▶ Dataset extract:
****************************************
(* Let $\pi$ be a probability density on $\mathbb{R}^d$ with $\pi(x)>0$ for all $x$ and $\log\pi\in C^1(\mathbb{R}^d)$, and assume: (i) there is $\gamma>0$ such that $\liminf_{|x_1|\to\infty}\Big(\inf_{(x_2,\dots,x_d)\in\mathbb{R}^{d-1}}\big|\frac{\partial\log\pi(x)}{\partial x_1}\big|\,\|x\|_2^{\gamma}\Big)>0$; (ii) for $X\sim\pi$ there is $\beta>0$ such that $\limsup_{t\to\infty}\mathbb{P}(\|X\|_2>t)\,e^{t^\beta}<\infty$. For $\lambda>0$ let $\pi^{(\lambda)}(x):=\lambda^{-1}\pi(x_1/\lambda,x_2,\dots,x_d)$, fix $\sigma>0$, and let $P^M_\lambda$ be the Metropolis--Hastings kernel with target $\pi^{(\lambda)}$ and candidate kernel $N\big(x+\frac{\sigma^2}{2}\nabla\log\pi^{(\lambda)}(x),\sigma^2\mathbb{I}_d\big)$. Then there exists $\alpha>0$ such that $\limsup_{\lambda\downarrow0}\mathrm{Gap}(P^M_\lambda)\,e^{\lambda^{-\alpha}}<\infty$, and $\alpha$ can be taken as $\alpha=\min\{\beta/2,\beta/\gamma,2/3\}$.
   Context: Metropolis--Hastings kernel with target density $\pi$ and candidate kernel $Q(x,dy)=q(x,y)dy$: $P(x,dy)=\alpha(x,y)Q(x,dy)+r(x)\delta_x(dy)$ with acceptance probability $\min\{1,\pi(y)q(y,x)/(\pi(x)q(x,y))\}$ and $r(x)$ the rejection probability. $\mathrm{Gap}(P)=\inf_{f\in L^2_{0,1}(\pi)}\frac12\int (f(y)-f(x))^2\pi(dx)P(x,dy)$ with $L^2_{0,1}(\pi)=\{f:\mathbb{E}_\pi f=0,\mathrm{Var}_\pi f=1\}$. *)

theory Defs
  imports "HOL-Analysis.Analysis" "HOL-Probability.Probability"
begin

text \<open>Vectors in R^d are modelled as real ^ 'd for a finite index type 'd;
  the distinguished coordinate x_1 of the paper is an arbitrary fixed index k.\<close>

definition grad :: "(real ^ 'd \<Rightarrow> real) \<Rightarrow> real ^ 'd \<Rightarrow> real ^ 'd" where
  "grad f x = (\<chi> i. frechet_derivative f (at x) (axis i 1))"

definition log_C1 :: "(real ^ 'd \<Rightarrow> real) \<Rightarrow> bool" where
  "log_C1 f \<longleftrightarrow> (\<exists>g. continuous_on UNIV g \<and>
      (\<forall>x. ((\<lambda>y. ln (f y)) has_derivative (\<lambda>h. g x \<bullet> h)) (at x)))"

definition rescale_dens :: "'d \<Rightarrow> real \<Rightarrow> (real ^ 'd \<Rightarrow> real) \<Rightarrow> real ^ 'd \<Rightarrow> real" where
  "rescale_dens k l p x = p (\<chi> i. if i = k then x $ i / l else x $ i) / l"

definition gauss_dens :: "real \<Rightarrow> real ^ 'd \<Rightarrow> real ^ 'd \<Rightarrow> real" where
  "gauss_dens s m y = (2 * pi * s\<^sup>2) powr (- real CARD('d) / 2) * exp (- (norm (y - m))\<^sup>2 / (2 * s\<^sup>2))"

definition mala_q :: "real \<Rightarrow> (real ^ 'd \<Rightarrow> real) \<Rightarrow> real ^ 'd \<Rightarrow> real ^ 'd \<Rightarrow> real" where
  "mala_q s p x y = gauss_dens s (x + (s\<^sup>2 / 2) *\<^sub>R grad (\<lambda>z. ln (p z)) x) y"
****************************************
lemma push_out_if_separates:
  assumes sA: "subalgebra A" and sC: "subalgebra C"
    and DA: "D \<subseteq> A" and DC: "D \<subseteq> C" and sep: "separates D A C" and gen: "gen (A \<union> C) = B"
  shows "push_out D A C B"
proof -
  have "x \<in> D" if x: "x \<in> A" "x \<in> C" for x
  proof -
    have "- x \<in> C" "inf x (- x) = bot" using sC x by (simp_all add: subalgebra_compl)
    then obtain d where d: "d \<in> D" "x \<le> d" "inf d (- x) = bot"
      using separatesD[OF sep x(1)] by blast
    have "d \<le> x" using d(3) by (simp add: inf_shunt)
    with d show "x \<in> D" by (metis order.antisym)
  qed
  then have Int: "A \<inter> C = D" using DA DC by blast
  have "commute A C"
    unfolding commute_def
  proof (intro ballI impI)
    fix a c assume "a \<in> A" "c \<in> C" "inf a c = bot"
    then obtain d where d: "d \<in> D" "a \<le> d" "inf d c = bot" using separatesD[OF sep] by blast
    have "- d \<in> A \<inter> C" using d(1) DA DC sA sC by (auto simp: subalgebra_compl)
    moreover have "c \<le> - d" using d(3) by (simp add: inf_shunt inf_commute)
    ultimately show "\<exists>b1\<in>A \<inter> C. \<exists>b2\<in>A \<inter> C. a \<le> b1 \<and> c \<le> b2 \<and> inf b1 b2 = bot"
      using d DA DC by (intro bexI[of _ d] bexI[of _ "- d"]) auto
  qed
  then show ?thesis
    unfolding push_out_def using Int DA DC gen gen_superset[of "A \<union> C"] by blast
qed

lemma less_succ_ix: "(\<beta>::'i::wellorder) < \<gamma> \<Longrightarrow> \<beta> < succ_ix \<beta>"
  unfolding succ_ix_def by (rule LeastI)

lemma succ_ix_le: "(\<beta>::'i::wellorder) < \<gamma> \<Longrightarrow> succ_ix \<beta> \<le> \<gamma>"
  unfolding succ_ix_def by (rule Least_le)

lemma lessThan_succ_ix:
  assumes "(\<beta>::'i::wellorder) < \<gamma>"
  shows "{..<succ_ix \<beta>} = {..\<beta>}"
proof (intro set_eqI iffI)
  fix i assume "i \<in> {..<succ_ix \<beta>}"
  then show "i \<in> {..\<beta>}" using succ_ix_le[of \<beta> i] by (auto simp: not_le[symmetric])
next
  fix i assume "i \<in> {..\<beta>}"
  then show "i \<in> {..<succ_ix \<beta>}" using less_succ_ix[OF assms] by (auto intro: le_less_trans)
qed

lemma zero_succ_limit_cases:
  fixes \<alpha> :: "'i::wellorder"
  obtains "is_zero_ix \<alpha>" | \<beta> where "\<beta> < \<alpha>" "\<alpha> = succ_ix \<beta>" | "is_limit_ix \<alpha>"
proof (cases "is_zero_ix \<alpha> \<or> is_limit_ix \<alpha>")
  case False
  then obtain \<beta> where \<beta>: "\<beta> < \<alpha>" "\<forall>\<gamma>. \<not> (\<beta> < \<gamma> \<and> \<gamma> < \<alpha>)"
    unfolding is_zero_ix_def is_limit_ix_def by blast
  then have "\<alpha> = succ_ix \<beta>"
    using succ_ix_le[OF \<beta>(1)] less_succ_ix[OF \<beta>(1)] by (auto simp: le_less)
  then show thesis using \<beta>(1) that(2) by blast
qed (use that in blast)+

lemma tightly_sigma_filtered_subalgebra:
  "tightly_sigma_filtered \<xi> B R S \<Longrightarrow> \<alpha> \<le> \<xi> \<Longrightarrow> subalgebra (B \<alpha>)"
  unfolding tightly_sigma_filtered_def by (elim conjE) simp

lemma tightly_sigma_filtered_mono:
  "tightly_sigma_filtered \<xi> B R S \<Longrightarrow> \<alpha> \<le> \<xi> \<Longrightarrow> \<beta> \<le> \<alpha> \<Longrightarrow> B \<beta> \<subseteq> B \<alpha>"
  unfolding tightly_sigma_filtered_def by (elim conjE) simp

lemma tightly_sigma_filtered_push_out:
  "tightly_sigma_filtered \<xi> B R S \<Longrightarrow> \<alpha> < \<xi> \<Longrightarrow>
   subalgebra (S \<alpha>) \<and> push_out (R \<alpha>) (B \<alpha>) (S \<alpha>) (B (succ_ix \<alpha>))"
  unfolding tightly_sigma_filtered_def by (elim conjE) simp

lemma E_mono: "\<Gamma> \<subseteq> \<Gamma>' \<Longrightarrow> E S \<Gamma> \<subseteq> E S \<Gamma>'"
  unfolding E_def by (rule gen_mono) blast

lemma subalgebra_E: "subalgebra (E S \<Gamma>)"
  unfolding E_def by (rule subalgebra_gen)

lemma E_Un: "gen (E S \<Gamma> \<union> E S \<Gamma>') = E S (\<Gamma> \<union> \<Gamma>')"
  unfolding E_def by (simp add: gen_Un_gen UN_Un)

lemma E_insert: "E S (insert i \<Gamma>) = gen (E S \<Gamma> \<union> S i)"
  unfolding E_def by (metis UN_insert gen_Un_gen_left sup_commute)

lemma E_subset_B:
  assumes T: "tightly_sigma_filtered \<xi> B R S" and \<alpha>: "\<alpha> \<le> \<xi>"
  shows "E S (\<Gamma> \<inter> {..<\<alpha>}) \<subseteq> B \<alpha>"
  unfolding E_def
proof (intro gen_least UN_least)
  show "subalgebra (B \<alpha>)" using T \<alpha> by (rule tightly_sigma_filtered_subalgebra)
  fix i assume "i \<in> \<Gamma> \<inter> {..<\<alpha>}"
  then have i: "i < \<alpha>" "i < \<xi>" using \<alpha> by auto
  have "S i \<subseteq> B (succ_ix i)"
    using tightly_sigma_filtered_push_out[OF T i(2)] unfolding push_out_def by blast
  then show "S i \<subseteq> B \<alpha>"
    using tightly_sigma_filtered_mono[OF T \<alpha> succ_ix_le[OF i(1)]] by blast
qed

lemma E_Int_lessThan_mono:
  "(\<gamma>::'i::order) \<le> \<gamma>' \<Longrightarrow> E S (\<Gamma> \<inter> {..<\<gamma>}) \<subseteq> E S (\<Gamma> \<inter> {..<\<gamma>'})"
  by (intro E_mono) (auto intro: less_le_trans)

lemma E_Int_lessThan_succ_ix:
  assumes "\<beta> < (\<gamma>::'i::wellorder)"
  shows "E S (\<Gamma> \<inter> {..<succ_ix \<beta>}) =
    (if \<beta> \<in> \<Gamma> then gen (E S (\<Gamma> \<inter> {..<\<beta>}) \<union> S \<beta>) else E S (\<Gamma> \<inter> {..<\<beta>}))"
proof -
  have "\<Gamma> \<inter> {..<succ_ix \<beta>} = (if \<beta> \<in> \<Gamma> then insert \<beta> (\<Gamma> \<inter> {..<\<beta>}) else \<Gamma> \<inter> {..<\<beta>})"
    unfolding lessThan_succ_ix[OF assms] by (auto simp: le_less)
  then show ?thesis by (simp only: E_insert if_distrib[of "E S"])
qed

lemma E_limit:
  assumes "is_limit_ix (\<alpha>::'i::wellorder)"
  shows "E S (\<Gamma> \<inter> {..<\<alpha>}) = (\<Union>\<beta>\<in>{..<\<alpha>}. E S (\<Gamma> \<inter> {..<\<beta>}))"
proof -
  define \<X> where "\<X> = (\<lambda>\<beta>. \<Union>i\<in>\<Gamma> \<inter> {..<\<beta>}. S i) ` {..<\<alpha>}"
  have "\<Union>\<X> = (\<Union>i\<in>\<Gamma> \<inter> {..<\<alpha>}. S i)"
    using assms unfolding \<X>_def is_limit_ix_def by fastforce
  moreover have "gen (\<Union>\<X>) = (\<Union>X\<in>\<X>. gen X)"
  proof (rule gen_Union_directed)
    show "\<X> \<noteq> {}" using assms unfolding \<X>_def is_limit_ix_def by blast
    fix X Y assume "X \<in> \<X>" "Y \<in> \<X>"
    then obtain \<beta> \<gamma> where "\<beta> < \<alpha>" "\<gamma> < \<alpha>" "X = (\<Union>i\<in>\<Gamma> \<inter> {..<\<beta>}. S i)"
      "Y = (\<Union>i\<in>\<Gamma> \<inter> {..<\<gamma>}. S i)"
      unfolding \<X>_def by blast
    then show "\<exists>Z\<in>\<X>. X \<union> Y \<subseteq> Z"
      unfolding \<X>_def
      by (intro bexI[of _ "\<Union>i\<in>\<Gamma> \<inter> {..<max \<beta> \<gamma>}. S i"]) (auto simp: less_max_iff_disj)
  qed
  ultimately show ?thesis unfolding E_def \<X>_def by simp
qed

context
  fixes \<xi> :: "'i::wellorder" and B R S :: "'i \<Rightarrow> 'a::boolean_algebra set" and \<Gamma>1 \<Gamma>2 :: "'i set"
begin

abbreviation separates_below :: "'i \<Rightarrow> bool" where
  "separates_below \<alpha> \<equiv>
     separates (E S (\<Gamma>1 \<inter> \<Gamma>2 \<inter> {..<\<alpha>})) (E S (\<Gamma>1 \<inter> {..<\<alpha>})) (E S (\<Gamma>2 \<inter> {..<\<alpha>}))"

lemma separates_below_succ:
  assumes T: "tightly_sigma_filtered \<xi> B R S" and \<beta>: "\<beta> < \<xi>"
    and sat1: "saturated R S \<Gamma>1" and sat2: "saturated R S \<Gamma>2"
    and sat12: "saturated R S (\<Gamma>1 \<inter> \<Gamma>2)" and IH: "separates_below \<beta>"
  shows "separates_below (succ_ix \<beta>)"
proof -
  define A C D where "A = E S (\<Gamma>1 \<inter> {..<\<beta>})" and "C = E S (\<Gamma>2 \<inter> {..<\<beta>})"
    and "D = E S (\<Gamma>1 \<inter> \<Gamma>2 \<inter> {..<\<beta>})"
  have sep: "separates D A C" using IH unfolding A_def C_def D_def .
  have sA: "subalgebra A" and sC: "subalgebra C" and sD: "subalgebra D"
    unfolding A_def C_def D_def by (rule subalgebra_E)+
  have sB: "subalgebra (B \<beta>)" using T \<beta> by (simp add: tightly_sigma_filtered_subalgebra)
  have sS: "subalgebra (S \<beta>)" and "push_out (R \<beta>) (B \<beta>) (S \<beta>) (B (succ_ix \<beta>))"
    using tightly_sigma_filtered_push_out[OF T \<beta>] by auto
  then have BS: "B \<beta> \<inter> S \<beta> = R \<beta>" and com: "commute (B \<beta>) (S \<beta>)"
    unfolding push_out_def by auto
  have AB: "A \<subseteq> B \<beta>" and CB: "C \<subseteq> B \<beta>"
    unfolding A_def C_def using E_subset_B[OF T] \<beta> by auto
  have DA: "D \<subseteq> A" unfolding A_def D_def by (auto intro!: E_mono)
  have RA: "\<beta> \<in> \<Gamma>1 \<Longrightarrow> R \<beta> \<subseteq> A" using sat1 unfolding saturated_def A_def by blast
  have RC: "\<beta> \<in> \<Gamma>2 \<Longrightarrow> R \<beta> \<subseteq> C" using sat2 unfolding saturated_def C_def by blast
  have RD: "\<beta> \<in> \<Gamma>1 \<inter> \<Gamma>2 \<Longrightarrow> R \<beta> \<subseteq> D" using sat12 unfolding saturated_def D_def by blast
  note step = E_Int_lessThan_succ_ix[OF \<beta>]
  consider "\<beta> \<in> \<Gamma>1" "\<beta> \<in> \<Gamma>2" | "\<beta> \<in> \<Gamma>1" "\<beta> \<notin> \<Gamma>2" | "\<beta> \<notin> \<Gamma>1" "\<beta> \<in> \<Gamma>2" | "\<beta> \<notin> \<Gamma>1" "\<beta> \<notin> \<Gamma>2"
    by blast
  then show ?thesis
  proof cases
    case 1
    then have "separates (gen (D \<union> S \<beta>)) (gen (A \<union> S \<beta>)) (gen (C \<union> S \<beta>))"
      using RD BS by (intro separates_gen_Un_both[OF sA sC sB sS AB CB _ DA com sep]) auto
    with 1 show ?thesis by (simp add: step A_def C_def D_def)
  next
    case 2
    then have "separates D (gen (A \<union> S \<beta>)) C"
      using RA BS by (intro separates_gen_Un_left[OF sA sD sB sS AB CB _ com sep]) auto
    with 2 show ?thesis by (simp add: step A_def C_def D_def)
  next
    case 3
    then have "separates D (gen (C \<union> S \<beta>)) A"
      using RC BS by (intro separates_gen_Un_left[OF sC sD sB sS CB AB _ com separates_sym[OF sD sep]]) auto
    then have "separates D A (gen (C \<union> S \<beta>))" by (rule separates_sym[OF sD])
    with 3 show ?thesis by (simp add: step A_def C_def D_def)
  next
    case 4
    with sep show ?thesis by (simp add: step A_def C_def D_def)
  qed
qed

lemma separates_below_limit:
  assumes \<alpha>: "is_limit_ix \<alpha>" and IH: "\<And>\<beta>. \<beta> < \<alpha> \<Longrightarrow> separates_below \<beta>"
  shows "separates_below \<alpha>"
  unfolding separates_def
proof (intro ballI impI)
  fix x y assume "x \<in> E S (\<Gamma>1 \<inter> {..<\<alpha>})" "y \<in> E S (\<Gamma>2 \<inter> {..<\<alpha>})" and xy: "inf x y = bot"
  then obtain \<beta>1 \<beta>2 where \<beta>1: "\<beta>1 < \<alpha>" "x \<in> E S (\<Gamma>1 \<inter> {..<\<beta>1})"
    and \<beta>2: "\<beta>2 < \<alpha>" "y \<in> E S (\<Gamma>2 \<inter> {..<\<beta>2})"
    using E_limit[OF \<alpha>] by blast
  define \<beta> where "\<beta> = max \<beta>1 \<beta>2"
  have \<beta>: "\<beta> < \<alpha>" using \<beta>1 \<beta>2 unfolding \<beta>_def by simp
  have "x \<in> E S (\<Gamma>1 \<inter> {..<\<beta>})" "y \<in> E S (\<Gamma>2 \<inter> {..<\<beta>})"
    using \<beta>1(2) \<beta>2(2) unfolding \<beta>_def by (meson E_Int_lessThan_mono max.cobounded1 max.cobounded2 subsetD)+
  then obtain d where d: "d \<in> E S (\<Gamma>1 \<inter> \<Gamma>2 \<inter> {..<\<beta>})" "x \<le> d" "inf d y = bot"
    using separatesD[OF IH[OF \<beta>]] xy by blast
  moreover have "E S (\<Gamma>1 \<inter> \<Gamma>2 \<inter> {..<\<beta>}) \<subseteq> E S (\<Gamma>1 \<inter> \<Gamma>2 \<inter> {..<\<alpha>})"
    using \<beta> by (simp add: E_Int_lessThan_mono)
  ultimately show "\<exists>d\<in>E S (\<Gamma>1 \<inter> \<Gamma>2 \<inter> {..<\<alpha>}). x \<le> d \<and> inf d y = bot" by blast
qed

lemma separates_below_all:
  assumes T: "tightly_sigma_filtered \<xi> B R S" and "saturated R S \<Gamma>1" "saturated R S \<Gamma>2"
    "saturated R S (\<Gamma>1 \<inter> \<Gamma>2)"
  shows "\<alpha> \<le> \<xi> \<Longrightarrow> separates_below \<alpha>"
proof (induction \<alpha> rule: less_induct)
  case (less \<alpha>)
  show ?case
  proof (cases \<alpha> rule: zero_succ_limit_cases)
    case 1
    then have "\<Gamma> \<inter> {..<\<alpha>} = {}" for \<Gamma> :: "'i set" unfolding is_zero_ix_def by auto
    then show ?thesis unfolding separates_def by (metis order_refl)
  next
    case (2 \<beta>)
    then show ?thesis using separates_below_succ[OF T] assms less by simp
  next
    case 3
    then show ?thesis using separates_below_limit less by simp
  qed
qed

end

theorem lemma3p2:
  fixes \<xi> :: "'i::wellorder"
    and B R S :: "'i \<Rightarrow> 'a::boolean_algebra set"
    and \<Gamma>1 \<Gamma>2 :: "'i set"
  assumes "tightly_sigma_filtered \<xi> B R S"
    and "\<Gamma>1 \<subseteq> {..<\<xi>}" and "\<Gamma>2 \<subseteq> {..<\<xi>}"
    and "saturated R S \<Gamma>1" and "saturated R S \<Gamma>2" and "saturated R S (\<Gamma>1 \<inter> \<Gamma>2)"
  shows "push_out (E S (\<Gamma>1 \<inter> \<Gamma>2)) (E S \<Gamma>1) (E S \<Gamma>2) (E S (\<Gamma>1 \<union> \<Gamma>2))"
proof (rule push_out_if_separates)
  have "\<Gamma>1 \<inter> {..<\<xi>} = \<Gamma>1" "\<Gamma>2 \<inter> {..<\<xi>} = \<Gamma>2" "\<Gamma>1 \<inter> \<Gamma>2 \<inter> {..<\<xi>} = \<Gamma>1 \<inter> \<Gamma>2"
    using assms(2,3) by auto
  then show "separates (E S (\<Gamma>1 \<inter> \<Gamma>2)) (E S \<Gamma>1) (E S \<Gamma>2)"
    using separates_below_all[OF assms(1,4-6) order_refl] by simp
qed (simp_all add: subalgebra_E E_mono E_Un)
****************************************
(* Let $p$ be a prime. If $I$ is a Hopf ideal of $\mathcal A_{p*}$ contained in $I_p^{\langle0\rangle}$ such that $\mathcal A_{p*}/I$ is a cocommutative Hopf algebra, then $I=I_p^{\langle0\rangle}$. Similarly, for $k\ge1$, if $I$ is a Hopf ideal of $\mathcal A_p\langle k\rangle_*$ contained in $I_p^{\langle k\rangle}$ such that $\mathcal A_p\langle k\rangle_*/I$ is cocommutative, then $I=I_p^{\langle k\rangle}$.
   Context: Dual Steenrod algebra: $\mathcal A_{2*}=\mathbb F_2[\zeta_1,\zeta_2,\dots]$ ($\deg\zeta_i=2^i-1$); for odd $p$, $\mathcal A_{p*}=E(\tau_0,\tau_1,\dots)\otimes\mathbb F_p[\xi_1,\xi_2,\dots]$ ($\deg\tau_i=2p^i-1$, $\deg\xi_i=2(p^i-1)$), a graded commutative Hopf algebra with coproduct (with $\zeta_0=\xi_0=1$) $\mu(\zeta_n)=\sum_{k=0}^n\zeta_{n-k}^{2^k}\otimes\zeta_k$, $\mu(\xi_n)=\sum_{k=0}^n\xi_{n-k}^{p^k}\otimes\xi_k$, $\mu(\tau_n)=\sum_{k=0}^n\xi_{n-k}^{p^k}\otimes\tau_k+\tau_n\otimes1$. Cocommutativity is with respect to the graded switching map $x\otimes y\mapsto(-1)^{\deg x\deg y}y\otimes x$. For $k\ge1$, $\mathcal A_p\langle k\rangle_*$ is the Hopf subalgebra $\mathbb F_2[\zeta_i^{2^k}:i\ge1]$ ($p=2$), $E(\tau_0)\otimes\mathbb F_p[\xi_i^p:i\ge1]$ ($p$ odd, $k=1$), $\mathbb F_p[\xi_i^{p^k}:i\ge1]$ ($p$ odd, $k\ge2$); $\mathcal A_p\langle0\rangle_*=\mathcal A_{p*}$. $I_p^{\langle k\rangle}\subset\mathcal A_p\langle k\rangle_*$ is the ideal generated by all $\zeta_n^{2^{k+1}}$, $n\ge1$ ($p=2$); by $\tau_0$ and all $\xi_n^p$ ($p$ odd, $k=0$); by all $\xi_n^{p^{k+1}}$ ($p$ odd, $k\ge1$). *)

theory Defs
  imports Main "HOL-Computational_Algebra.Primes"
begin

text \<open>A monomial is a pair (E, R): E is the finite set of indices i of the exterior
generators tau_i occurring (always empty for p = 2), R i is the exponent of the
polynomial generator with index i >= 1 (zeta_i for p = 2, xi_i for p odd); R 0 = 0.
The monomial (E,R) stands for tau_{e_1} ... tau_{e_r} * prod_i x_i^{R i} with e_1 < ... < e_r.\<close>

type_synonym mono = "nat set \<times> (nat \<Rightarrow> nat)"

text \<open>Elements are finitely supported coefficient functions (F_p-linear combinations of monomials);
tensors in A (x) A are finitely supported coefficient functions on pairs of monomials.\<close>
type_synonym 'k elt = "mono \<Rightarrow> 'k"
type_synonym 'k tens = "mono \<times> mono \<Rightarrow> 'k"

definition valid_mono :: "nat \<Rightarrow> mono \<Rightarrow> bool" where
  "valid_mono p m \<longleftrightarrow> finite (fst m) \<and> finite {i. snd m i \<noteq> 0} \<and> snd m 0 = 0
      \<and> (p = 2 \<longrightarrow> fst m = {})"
****************************************
▶ Action item:
Look above for the line that contains "text \<open>Vectors in". Starting there, transcribe every line exactly until you have copied the line that contains "(\<chi> i. frechet_derivative".

▶ Task result:
text \<open>Vectors in R^d are modelled as real ^ 'd for a finite index type 'd;
  the distinguished coordinate x_1 of the paper is an arbitrary fixed index k.\<close>

definition grad :: "(real ^ 'd \<Rightarrow> real) \<Rightarrow> real ^ 'd \<Rightarrow> real ^ 'd" where
  "grad f x = (\<chi> i. frechet_derivative f (at x) (axis i 1))"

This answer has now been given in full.